In June of this year, I was privileged to attend a series of discussions at the US Naval Academy in Annapolis between retired four-star Generals from both China and the US. The discussions covered a range of topics relevant to the American and Chinese military, including counter-terrorism operations, the situation in Pakistan and Afghanistan, and the South China Sea dispute. But a recurring point of contention and debate was America’s “pivot to Asia”, that is the strategic military refocus on Asia which was announced in 2011.
The Obama administration has been at pains to point out that the so-called pivot is not aimed at containing China. US Secretary of Defense Leon Panetta, speaking in Singapore earlier in June 2012, likewise insisted that the shift of focus to the Asia-Pacific is not intended to contain or challenge China, saying that “increased US involvement in this region will benefit China as it advances our shared security and prosperity in the future”.

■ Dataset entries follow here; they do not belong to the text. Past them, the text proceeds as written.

lemma count_off_diagonal_le:
  fixes U :: "'u set" and J :: "'j set" and cnt :: "'j \<Rightarrow> 'u \<Rightarrow> real"
  assumes U: "finite U" "4 \<le> card U" and J: "finite J"
    and cnt: "\<forall>j\<in>J. \<forall>u\<in>U. 0 \<le> cnt j u" "\<forall>j\<in>J. 0 < sum (cnt j) U"
  defines "M \<equiv> \<Sum>l\<in>J. sum (cnt l) U" and "T \<equiv> \<lambda>u. \<Sum>l\<in>J. cnt l u"
  shows "(\<Sum>j\<in>J. (\<Sum>u\<in>U. \<Sum>v\<in>U. if u = v then 0 else cnt j u * cnt j v * (M - T u - T v)) / sum (cnt j) U)
     \<le> (real (card U) - 1) * (real (card U) - 2) / (real (card U))^2 * M^2"
proof (cases "J = {}")
  case True
  have "4 \<le> real (card U)"
    using U(2) by simp
  then show ?thesis
    using True by simp
next
  case False
  define N where "N j = sum (cnt j) U" for j
  have M: "0 < M"
    unfolding M_def using False J cnt(2) by (simp add: sum_pos)
  define w where "w j = N j / M" for j
  define p where "p j u = cnt j u / N j" for j u
  have q: "(\<Sum>l\<in>J. w l * p l u) = T u / M" for u
  proof -
    have "(\<Sum>l\<in>J. w l * p l u) = (\<Sum>l\<in>J. cnt l u / M)"
      using cnt(2) by (intro sum.cong) (auto simp: w_def p_def N_def)
    then show ?thesis
      by (simp add: T_def sum_divide_distrib)
  qed
  have w: "\<forall>j\<in>J. 0 \<le> w j" "sum w J = 1"
    using cnt(2) M by (auto simp: w_def N_def M_def sum_divide_distrib[symmetric] less_imp_le)
  have p: "\<forall>j\<in>J. \<forall>u\<in>U. 0 \<le> p j u" "\<forall>j\<in>J. sum (p j) U = 1"
    using cnt by (auto simp: p_def N_def sum_divide_distrib[symmetric])
  have "(\<Sum>j\<in>J. w j * (\<Sum>u\<in>U. \<Sum>v\<in>U. if u = v then 0 else p j u * p j v * (1 - T u / M - T v / M)))
      \<le> (real (card U) - 1) * (real (card U) - 2) / (real (card U))^2"
    using mixture_off_diagonal_le[OF U(1) J w p refl refl U(2)] unfolding q .
  moreover have "w j * (\<Sum>u\<in>U. \<Sum>v\<in>U. if u = v then 0 else p j u * p j v * (1 - T u / M - T v / M))
      = (\<Sum>u\<in>U. \<Sum>v\<in>U. if u = v then 0 else cnt j u * cnt j v * (M - T u - T v)) / N j / M^2"
    if "j \<in> J" for j
  proof -
    have "N j > 0"
      using cnt(2) that by (simp add: N_def)
    then have "w j * (if u = v then 0 else p j u * p j v * (1 - T u / M - T v / M))
        = (if u = v then 0 else cnt j u * cnt j v * (M - T u - T v)) / N j / M^2" for u v
      using M by (auto simp: w_def p_def field_simps power2_eq_square)
    then show ?thesis
      by (simp add: sum_distrib_left sum_divide_distrib)
  qed
  ultimately have "(\<Sum>j\<in>J. (\<Sum>u\<in>U. \<Sum>v\<in>U. if u = v then 0 else cnt j u * cnt j v * (M - T u - T v)) / N j) / M^2
      \<le> (real (card U) - 1) * (real (card U) - 2) / (real (card U))^2"
    by (simp add: sum_divide_distrib)
  then show ?thesis
    using M by (simp add: N_def divide_le_eq)
qed
text \<open>The hypotheses of the theorem except \<open>Gamma_range\<close>, which the argument does not use.\<close>

locale contextual_ftpl =
  fixes f :: "'x::finite \<Rightarrow> 'y \<Rightarrow> real"
    and G :: "'x \<Rightarrow> nat \<Rightarrow> real"
    and Pol :: "('s \<Rightarrow> 'x) set"
    and P :: "'s set"
    and \<sigma> :: "nat \<Rightarrow> 's" and y :: "nat \<Rightarrow> 'y"
    and D :: "real measure"
    and pol :: "nat \<Rightarrow> ('s \<times> nat \<Rightarrow> real) \<Rightarrow> ('s \<Rightarrow> 'x)"
    and N T \<kappa> :: nat and \<delta> \<epsilon> \<rho> :: real
  assumes f_range: "\<And>x y. 0 \<le> f x y \<and> f x y \<le> 1"
    and P_fin: "finite P"
    and ctx: "\<And>t. t \<in> {1..T} \<Longrightarrow> \<sigma> t \<in> P"
    and adm: "admissible G N \<kappa> \<delta>"
    and delta_pos: "\<delta> > 0"
    and eps: "\<epsilon> \<ge> 0"
    and D_prob: "prob_space D" and D_borel: "sets D = sets borel"
    and disp: "dispersed D \<rho> ((1 + 2 * \<epsilon>) / \<delta>)"
    and choice: "\<And>\<alpha> t. \<alpha> \<in> space (PiM (P \<times> {..<N}) (\<lambda>_. D)) \<Longrightarrow> t \<in> {1..T+1} \<Longrightarrow>
                   ftpl_choice f \<sigma> y G P N Pol \<epsilon> \<alpha> t (pol t \<alpha>)"
    and meas: "\<And>t s. t \<in> {1..T+1} \<Longrightarrow> s \<in> P \<Longrightarrow>
                 (\<lambda>\<alpha>. pol t \<alpha> s) \<in> measurable (PiM (P \<times> {..<N}) (\<lambda>_. D)) (count_space UNIV)"
begin

abbreviation M :: "('s \<times> nat \<Rightarrow> real) measure" where
  "M \<equiv> PiM (P \<times> {..<N}) (\<lambda>_. D)"

sublocale M: prob_space M using D_prob by (intro prob_space_PiM)

lemma rho_nonneg: "0 \<le> \<rho>"
  using disp unfolding dispersed_def by (meson measure_nonneg order_trans)

lemma sets_round_event:
  assumes "t \<in> {1..T}"
  shows "{\<alpha> \<in> space M. R (pol (Suc t) \<alpha> (\<sigma> t)) (pol t \<alpha> (\<sigma> t))} \<in> sets M"
proof -
  have "t \<in> {1..T+1}" "Suc t \<in> {1..T+1}" "\<sigma> t \<in> P"
    using assms ctx by auto
  then show ?thesis
    by (intro sets_Collect_finite_valued_rel[OF meas[of "Suc t"] meas[of t]])
qed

However, despite such reassurances, my impression from the Chinese Generals I met in Annapolis was that the pivot to Asia is widely regarded in Chinese military circles as indicative of American mistrust and suspicion towards China and its regional aspirations, and thinly veils America’s intention to assert its power and dominance in the Asia-Pacific region, including by means of military influence.
So I was interested, in last night’s Presidential debate on foreign policy, to note that in the segment dedicated to “The Rise of China and Tomorrow’s World” President Obama took the surprising step of referring to China as an adversary: “China is both an adversary, but also a potential partner in the international community if it is following the rules.” This characterization of China is inconsistent with the rhetoric deployed by the Obama administration, but is sure to resonate with many in China as indicative of the true nature and intent of America’s military pivot.